Problem statement: Would you please retype, exactly, the lines of the listing below between the line with "Sym_def by simp" and the line with "eq assms(1) by simp", inclusive?

Extracted entries:
┌──

lemma rk_eq_length_saturated_chain:
  fixes x :: "'a::{finite,complete_lattice}"
  assumes semi: "semimodular TYPE('a)" and ys: "saturated_chain bot ys x"
  shows "rk x = length ys"
proof (rule antisym)
  let ?C = "{cs::'a list. sorted_wrt (<) cs \<and> (\<forall>c\<in>set cs. c < x)}"
  have "[] \<in> ?C" by simp
  show "rk x \<le> length ys"
    unfolding rk_def
  proof (subst Max_le_iff)
    show "finite (length ` ?C)" using finite_strict_chains by blast
    show "length ` ?C \<noteq> {}" using \<open>[] \<in> ?C\<close> by blast
  qed (use strict_chain_length_le_saturated_chain[OF semi _ _ ys] in auto)
  show "length ys \<le> rk x"
  proof (cases "ys = []")
    case False
    have sorted: "sorted_wrt (<) (bot # ys)" and "last ys = x"
      using saturated_chain_sorted[OF ys] False by auto
    then obtain ys' where ys': "ys = ys' @ [x]"
      using False by (metis append_butlast_last_id)
    then have "bot # ys' \<in> ?C"
      using sorted by (simp add: sorted_wrt_append)
    then have "length (bot # ys') \<le> rk x"
      unfolding rk_def by (rule Max_ge[OF finite_imageI[OF finite_strict_chains] imageI])
    then show ?thesis using ys' by simp
  qed simp
qed

lemma rk_bot: "rk (bot::'a::{finite,complete_lattice}) = 0"
  unfolding rk_def by simp

lemma rk_covers:
  fixes x y :: "'a::{finite,complete_lattice}"
  assumes semi: "semimodular TYPE('a)" and "covers x y"
  shows "rk y = Suc (rk x)"
proof -
  obtain ys where ys: "saturated_chain bot ys x"
    using saturated_chain_exists[OF bot_least] by blast
  have "saturated_chain bot (ys @ [y]) y"
    using saturated_chain_append[OF ys saturated_chain.step[OF assms(2) saturated_chain.base]] .
  then show ?thesis
    using rk_eq_length_saturated_chain[OF semi] rk_eq_length_saturated_chain[OF semi ys] by simp
qed

lemma covers_sup_atom:
  fixes x a :: "'a::{finite,complete_lattice}"
  assumes semi: "semimodular TYPE('a)" and a: "is_atom a"
  shows "\<not> a \<le> x \<Longrightarrow> covers x (sup x a)"
proof (induction x rule: wfp_induct_rule[OF wfp_less_finite])
  case (1 x)
  show ?case
  proof (cases "x = bot")
    case True
    then show ?thesis using a by (simp add: is_atom_def)
  next
    case False
    then have "bot < x" by (simp add: bot_less)
    then obtain x' where x': "covers x' x"
      using covers_below_exists by blast
    then have "x' < x" by (rule covers_imp_less)
    then have "\<not> a \<le> x'" using 1(2) by (meson less_imp_le order_trans)
    then have up: "covers x' (sup x' a)" using 1(1) \<open>x' < x\<close> by blast
    (* x and x' \<squnion> a are distinct upper covers of x', so semimodularity lifts x' \<lessdot> x' \<squnion> a to x *)
    have "x \<noteq> sup x' a" using 1(2) by (metis sup.cobounded2)
    then have "inf x (sup x' a) = x'" using inf_covers_eq[OF x' up] by blast
    then have "covers x (sup x (sup x' a))"
      using semimodular_covers_sup(1)[OF semi, of x "sup x' a"] x' up by simp
    moreover have "sup x (sup x' a) = sup x a"
      using \<open>x' < x\<close> by (metis less_imp_le sup.absorb1 sup_assoc)
    ultimately show ?thesis by simp
  qed
qed

lemma rk_sup_atom_le:
  fixes x a :: "'a::{finite,complete_lattice}"
  assumes semi: "semimodular TYPE('a)" and "is_atom a"
  shows "rk (sup x a) \<le> Suc (rk x)"
proof (cases "a \<le> x")
  case False
  then show ?thesis using rk_covers[OF semi covers_sup_atom[OF semi \<open>is_atom a\<close>]] by simp
qed (simp add: sup.absorb1)

lemma rk_sup_Sup_atoms_le:
  fixes x :: "'a::{finite,complete_lattice}"
  assumes semi: "semimodular TYPE('a)"
  shows "\<forall>a\<in>T. is_atom a \<Longrightarrow> rk (sup x (Sup T)) \<le> rk x + card T"
proof (induction T rule: finite_induct[OF finite])
  case (2 a T)
  have "rk (sup (sup x (Sup T)) a) \<le> Suc (rk (sup x (Sup T)))"
    using rk_sup_atom_le[OF semi] 2(4) by simp
  moreover have "sup x (Sup (insert a T)) = sup (sup x (Sup T)) a"
    by (simp add: ac_simps)
  ultimately show ?case using 2 by simp
qed simp

section \<open>Independent sets of atoms\<close>

definition independent_atoms :: "'a::{finite,complete_lattice} set \<Rightarrow> bool" where
  "independent_atoms B \<longleftrightarrow> (\<forall>a\<in>B. is_atom a) \<and> rk (Sup B) = card B"

lemma NBC_independent_imp_independent_atoms:
  "NBC_independent ord B \<Longrightarrow> independent_atoms B"
  by (auto simp: NBC_independent_def independent_atoms_def)
(* Write agreements n g p for the number of
   points of {1..n} where g and p agree, so that hamming n g p = n - agreements n g p.
   If S is sharply transitive, every point i is matched by exactly one row, hence for every
   permutation g the agreements with the rows of S sum to n; in particular g agrees with some
   row somewhere, which gives cr(S) <= n - 1.  General facts about the LEAST in the definition
   of the covering radius then show cr(S) = n - 1 iff some permutation g agrees with every
   row at most once.  Since |S| = n and the agreements sum to n, such a g agrees with every
   row exactly once, and the cells where g agrees with the rows form a transversal (g is
   its column-to-symbol map).  Conversely, reading off the symbol of the transversal cell in
   every column yields such a permutation. *)

lemma card_filter_sum: "finite I \<Longrightarrow> card {i \<in> I. P i} = (\<Sum>i\<in>I. if P i then 1 else 0)"
  using sum.inter_filter[of I "\<lambda>_. 1::nat" P] by simp

lemma sum_le_one_eq_card:
  fixes f :: "'a \<Rightarrow> nat"
  assumes "finite A" "\<forall>x\<in>A. f x \<le> 1" "sum f A = card A" "a \<in> A"
  shows "f a = 1"
proof (rule ccontr)
  assume "f a \<noteq> 1"
  then have zero: "f a = 0" using assms(2,4) by (metis le_antisym less_one not_le)
  have "sum f A = f a + sum f (A - {a})" using assms(1,4) by (rule sum.remove)
  also have "\<dots> \<le> (\<Sum>x\<in>A - {a}. 1)"
    using zero assms(2) sum_mono[of "A - {a}" f "\<lambda>_. 1"] by simp
  also have "\<dots> < card A"
    using card_Diff1_less[OF assms(1,4)] by simp
  finally show False using assms(3) by simp
qed

definition agreements :: "nat \<Rightarrow> (nat \<Rightarrow> nat) \<Rightarrow> (nat \<Rightarrow> nat) \<Rightarrow> nat" where
  "agreements n g p = card {i \<in> {1..n}. g i = p i}"

lemma hamming_agreements: "hamming n g p = n - agreements n g p"
proof -
  have split: "{1..n} = {i \<in> {1..n}. g i \<noteq> p i} \<union> {i \<in> {1..n}. g i = p i}" by auto
  have "card {1..n} = card {i \<in> {1..n}. g i \<noteq> p i} + card {i \<in> {1..n}. g i = p i}"
    by (subst split, rule card_Un_disjoint) auto
  then show ?thesis unfolding hamming_def agreements_def by simp
qed

lemma agreements_le: "agreements n g p \<le> n"
proof -
  have "agreements n g p \<le> card {1..n}" unfolding agreements_def by (rule card_mono) auto
  then show ?thesis by simp
qed

lemma Sym_finite: "S \<subseteq> Sym n \<Longrightarrow> finite S"
  unfolding Sym_def by (rule finite_subset, assumption, rule finite_permutations) simp

lemma Sym_closed: "\<sigma> \<in> Sym n \<Longrightarrow> i \<in> {1..n} \<Longrightarrow> \<sigma> i \<in> {1..n}"
  unfolding Sym_def by (metis mem_Collect_eq permutes_in_image)

lemma sharply_transitive_exists:
  assumes "sharply_transitive n S" "i \<in> {1..n}" "j \<in> {1..n}"
  obtains \<sigma> where "\<sigma> \<in> S" "\<sigma> i = j"
  using assms unfolding sharply_transitive_def by blast

lemma sharply_transitive_unique:
  assumes "sharply_transitive n S" "i \<in> {1..n}" "\<sigma> \<in> S" "\<tau> \<in> S" "\<sigma> i = \<tau> i"
    and "\<sigma> i \<in> {1..n}"
  shows "\<sigma> = \<tau>"
  using assms unfolding sharply_transitive_def by metis

(* Exactly one row passes through each cell of a column, so a sharply transitive set has
   exactly n rows; this is what makes the agreement count below tight. *)
lemma card_sharply_transitive:
  assumes "n \<ge> 1" "S \<subseteq> Sym n" "sharply_transitive n S"
  shows "card S = n"
proof -
  have one: "1 \<in> {1..n}" using assms(1) by simp
  have "bij_betw (\<lambda>\<sigma>. \<sigma> 1) S {1..n}"
  proof (rule bij_betwI')
    fix \<sigma> \<tau> assume "\<sigma> \<in> S" "\<tau> \<in> S"
    then show "(\<sigma> 1 = \<tau> 1) = (\<sigma> = \<tau>)"
      using sharply_transitive_unique[OF assms(3) one] Sym_closed[OF _ one] assms(2) by blast
  next
    fix \<sigma> assume "\<sigma> \<in> S" then show "\<sigma> 1 \<in> {1..n}" using Sym_closed[OF _ one] assms(2) by blast
  next
    fix j assume "j \<in> {1..n}"
    then show "\<exists>\<sigma>\<in>S. j = \<sigma> 1" by (metis sharply_transitive_exists[OF assms(3) one])
  qed
  then show ?thesis by (simp add: bij_betw_same_card)
qed

(* Double counting: each point i contributes exactly one agreement, namely with the unique
   row sending i to g i. *)
lemma sum_agreements:
  assumes "S \<subseteq> Sym n" "sharply_transitive n S" and g: "\<And>i. i \<in> {1..n} \<Longrightarrow> g i \<in> {1..n}"
  shows "(\<Sum>\<sigma>\<in>S. agreements n g \<sigma>) = n"
proof -
  have finS: "finite S" using assms(1) by (rule Sym_finite)
  have column: "card {\<sigma> \<in> S. g i = \<sigma> i} = 1" if i: "i \<in> {1..n}" for i
  proof -
    obtain s where s: "s \<in> S" "s i = g i"
      using sharply_transitive_exists[OF assms(2) i g[OF i]] .
    have "{\<sigma> \<in> S. g i = \<sigma> i} = {s}"
      using s sharply_transitive_unique[OF assms(2) i] g[OF i] by auto
    then show ?thesis by simp
  qed
  have "(\<Sum>\<sigma>\<in>S. agreements n g \<sigma>) = (\<Sum>\<sigma>\<in>S. \<Sum>i\<in>{1..n}. if g i = \<sigma> i then 1 else 0)"
    unfolding agreements_def by (rule sum.cong[OF refl], rule card_filter_sum) simp
  also have "\<dots> = (\<Sum>i\<in>{1..n}. \<Sum>\<sigma>\<in>S. if g i = \<sigma> i then 1 else 0)"
    by (rule sum.swap)
  also have "\<dots> = (\<Sum>i\<in>{1..n}. card {\<sigma> \<in> S. g i = \<sigma> i})"
    by (rule sum.cong[OF refl], rule card_filter_sum[OF finS, symmetric])
  also have "\<dots> = n" using column by simp
  finally show ?thesis .
qed

section \<open>The covering radius\<close>

lemma covering_radius_le:
  assumes "\<forall>g\<in>Sym n. \<exists>p\<in>P. hamming n g p \<le> r"
  shows "covering_radius n P \<le> r"
  unfolding covering_radius_def using assms by (rule Least_le)

lemma covering_radius_covers:
  assumes "\<forall>g\<in>Sym n. \<exists>p\<in>P. hamming n g p \<le> r" "g \<in> Sym n"
  shows "\<exists>p\<in>P. hamming n g p \<le> covering_radius n P"
  using LeastI[of "\<lambda>r. \<forall>g\<in>Sym n. \<exists>p\<in>P. hamming n g p \<le> r", OF assms(1)] assms(2)
  unfolding covering_radius_def by blast

lemma below_covering_radius:
  assumes "r < covering_radius n P"
  obtains g where "g \<in> Sym n" "\<forall>p\<in>P. r < hamming n g p"
  using not_less_Least[OF assms[unfolded covering_radius_def]] by (auto simp: not_le)

lemma covering_radius_eq_iff:
  assumes "n \<ge> 1" and cover: "\<forall>g\<in>Sym n. \<exists>p\<in>P. hamming n g p \<le> n - 1"
  shows "covering_radius n P = n - 1 \<longleftrightarrow> (\<exists>g\<in>Sym n. \<forall>p\<in>P. agreements n g p \<le> 1)"
proof
  assume eq: "covering_radius n P = n - 1"
  show "\<exists>g\<in>Sym n. \<forall>p\<in>P. agreements n g p \<le> 1"
  proof (cases "n = 1")
    case True
    have "id \<in> Sym n" unfolding Sym_def by simp
    then show ?thesis using agreements_le[of n] True by blast
  next
    case False
    then have "n - 2 < covering_radius n P" using eq assms(1) by simp
    then obtain g where g: "g \<in> Sym n" and far: "\<forall>p\<in>P. n - 2 < hamming n g p"
      by (rule below_covering_radius)
    have "\<forall>p\<in>P. agreements n g p \<le> 1"
      using far by (auto simp: hamming_agreements)
    with g show ?thesis by blast
  qed
next
  assume "\<exists>g\<in>Sym n. \<forall>p\<in>P. agreements n g p \<le> 1"
  then obtain g where g: "g \<in> Sym n" and once: "\<forall>p\<in>P. agreements n g p \<le> 1" by blast
  obtain p where "p \<in> P" "hamming n g p \<le> covering_radius n P"
    using covering_radius_covers[OF cover g] by blast
  with once have "n - 1 \<le> covering_radius n P" by (auto simp: hamming_agreements)
  with covering_radius_le[OF cover] show "covering_radius n P = n - 1" by simp
qed
definition nonresonant :: "nat \<Rightarrow> real set \<Rightarrow> (nat \<Rightarrow> real \<Rightarrow> real) \<Rightarrow>
    ((nat \<Rightarrow> real \<Rightarrow> real) \<Rightarrow> bool) \<Rightarrow> bool" where
  "nonresonant m K c bc \<longleftrightarrow> (\<forall>u. solves m K c bc (\<lambda>_. 0) u \<longrightarrow> (\<forall>t\<in>K. u t = 0))"

definition green :: "nat \<Rightarrow> real set \<Rightarrow> (nat \<Rightarrow> real \<Rightarrow> real) \<Rightarrow>
    ((nat \<Rightarrow> real \<Rightarrow> real) \<Rightarrow> bool) \<Rightarrow> (real \<Rightarrow> real \<Rightarrow> real) \<Rightarrow> bool" where
  "green m K c bc G \<longleftrightarrow> nonresonant m K c bc \<and>
     (\<forall>\<sigma>. \<sigma> absolutely_integrable_on K \<longrightarrow>
        (\<forall>t\<in>K. (\<lambda>s. G t s * \<sigma> s) integrable_on K) \<and>
        solves m K c bc \<sigma> (\<lambda>t. integral K (\<lambda>s. G t s * \<sigma> s)))"

definition bc_D :: "nat \<Rightarrow> real \<Rightarrow> (nat \<Rightarrow> real \<Rightarrow> real) \<Rightarrow> bool" where
  "bc_D n S Du \<longleftrightarrow> (\<forall>k<n. Du (2*k) 0 = 0 \<and> Du (2*k) S = 0)"

definition bc_M2 :: "nat \<Rightarrow> real \<Rightarrow> (nat \<Rightarrow> real \<Rightarrow> real) \<Rightarrow> bool" where
  "bc_M2 n S Du \<longleftrightarrow> (\<forall>k<n. Du (2*k) 0 = 0 \<and> Du (2*k+1) S = 0)"

text \<open>Coefficients of the reflected operator tilde L on [0,2T]: even coefficients are
  reflected evenly, odd ones oddly.\<close>
definition refl_coef :: "real \<Rightarrow> (nat \<Rightarrow> real \<Rightarrow> real) \<Rightarrow> nat \<Rightarrow> real \<Rightarrow> real" where
  "refl_coef T a k t =
     (if t \<le> T then a k t
      else if even k then a k (2*T - t) else - a k (2*T - t))"

end

theory Submission
  imports Defs
begin

text \<open>Extend \<open>u\<^sub>M\<^sub>2\<close> evenly and \<open>u\<^sub>D\<close> oddly across \<open>T\<close>. The boundary conditions at \<open>T\<close>
  (odd derivatives vanish for \<open>u\<^sub>M\<^sub>2\<close>, even ones for \<open>u\<^sub>D\<close>) are exactly what makes every
  reflected derivative continuous at \<open>T\<close>, and reflecting the coefficients as in \<open>L\<close>-tilde makes
  the equation invariant. So both extensions solve the Dirichlet problem for \<open>L\<close>-tilde on \<open>[0, 2T]\<close>,
  with the evenly resp. oddly reflected right-hand sides, and for every \<open>p\<close> the Green's function
  represents \<open>u\<^sub>M\<^sub>2 + p u\<^sub>D\<close> on \<open>[0, T]\<close>. Beyond \<open>T\<close> the reflected data equal
  \<open>\<sigma>\<^sub>1 - p \<sigma>\<^sub>2\<close> at the mirror point, so a sign for \<open>G\<^sub>D[2T]\<close> and for both \<open>\<sigma>\<^sub>1 \<plusminus> p \<sigma>\<^sub>2\<close>
  gives a sign for \<open>u\<^sub>M\<^sub>2 + p u\<^sub>D\<close>; the three claims are the cases \<open>p = \<plusminus>1\<close> and \<open>p \<in> {0, -1}\<close>.\<close>

definition short_interval_family ::
    "real set \<Rightarrow> nat \<Rightarrow> (nat \<Rightarrow> real) \<Rightarrow> (nat \<Rightarrow> real) \<Rightarrow> real \<Rightarrow> bool" where
  "short_interval_family K N a b \<delta> \<longleftrightarrow>
     (\<forall>i<N. a i \<le> b i \<and> {a i..b i} \<subseteq> K) \<and>
     (\<forall>i<N. \<forall>j<N. i \<noteq> j \<longrightarrow> b i \<le> a j \<or> b j \<le> a i) \<and>
     (\<Sum>i<N. b i - a i) < \<delta>"

lemma abs_cont_on_iff:
  "abs_cont_on K f \<longleftrightarrow>
     (\<forall>\<epsilon>>0. \<exists>\<delta>>0. \<forall>N a b. short_interval_family K N a b \<delta> \<longrightarrow>
        (\<Sum>i<N. \<bar>f (b i) - f (a i)\<bar>) < \<epsilon>)"
  unfolding abs_cont_on_def short_interval_family_def by simp

lemma abs_cont_on_cong:
  assumes "abs_cont_on K f" and "\<And>t. t \<in> K \<Longrightarrow> g t = f t"
  shows "abs_cont_on K g"
  unfolding abs_cont_on_iff
proof (intro allI impI)
  fix \<epsilon> :: real assume "\<epsilon> > 0"
  then obtain \<delta> where "\<delta> > 0"
    and f: "\<And>N a b. short_interval_family K N a b \<delta> \<Longrightarrow> (\<Sum>i<N. \<bar>f (b i) - f (a i)\<bar>) < \<epsilon>"
    using assms(1) unfolding abs_cont_on_iff by blast
  have "(\<Sum>i<N. \<bar>g (b i) - g (a i)\<bar>) < \<epsilon>" if P: "short_interval_family K N a b \<delta>" for N a b
  proof -
    have "a i \<in> K \<and> b i \<in> K" if "i < N" for i
    proof -
      have "a i \<le> b i" "{a i..b i} \<subseteq> K" using P that unfolding short_interval_family_def by auto
      then show ?thesis by auto
    qed
    then have "(\<Sum>i<N. \<bar>g (b i) - g (a i)\<bar>) = (\<Sum>i<N. \<bar>f (b i) - f (a i)\<bar>)"
      using assms(2) by (intro sum.cong) auto
    with f[OF P] show ?thesis by simp
  qed
  with \<open>\<delta> > 0\<close> show "\<exists>\<delta>>0. \<forall>N a b. short_interval_family K N a b \<delta> \<longrightarrow>
      (\<Sum>i<N. \<bar>g (b i) - g (a i)\<bar>) < \<epsilon>" by blast
qed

└──

Exercise output:
    have "id \<in> Sym n" unfolding Sym_def by simp
    then show ?thesis using agreements_le[of n] True by blast
  next
    case False
    then have "n - 2 < covering_radius n P" using eq assms(1) by simp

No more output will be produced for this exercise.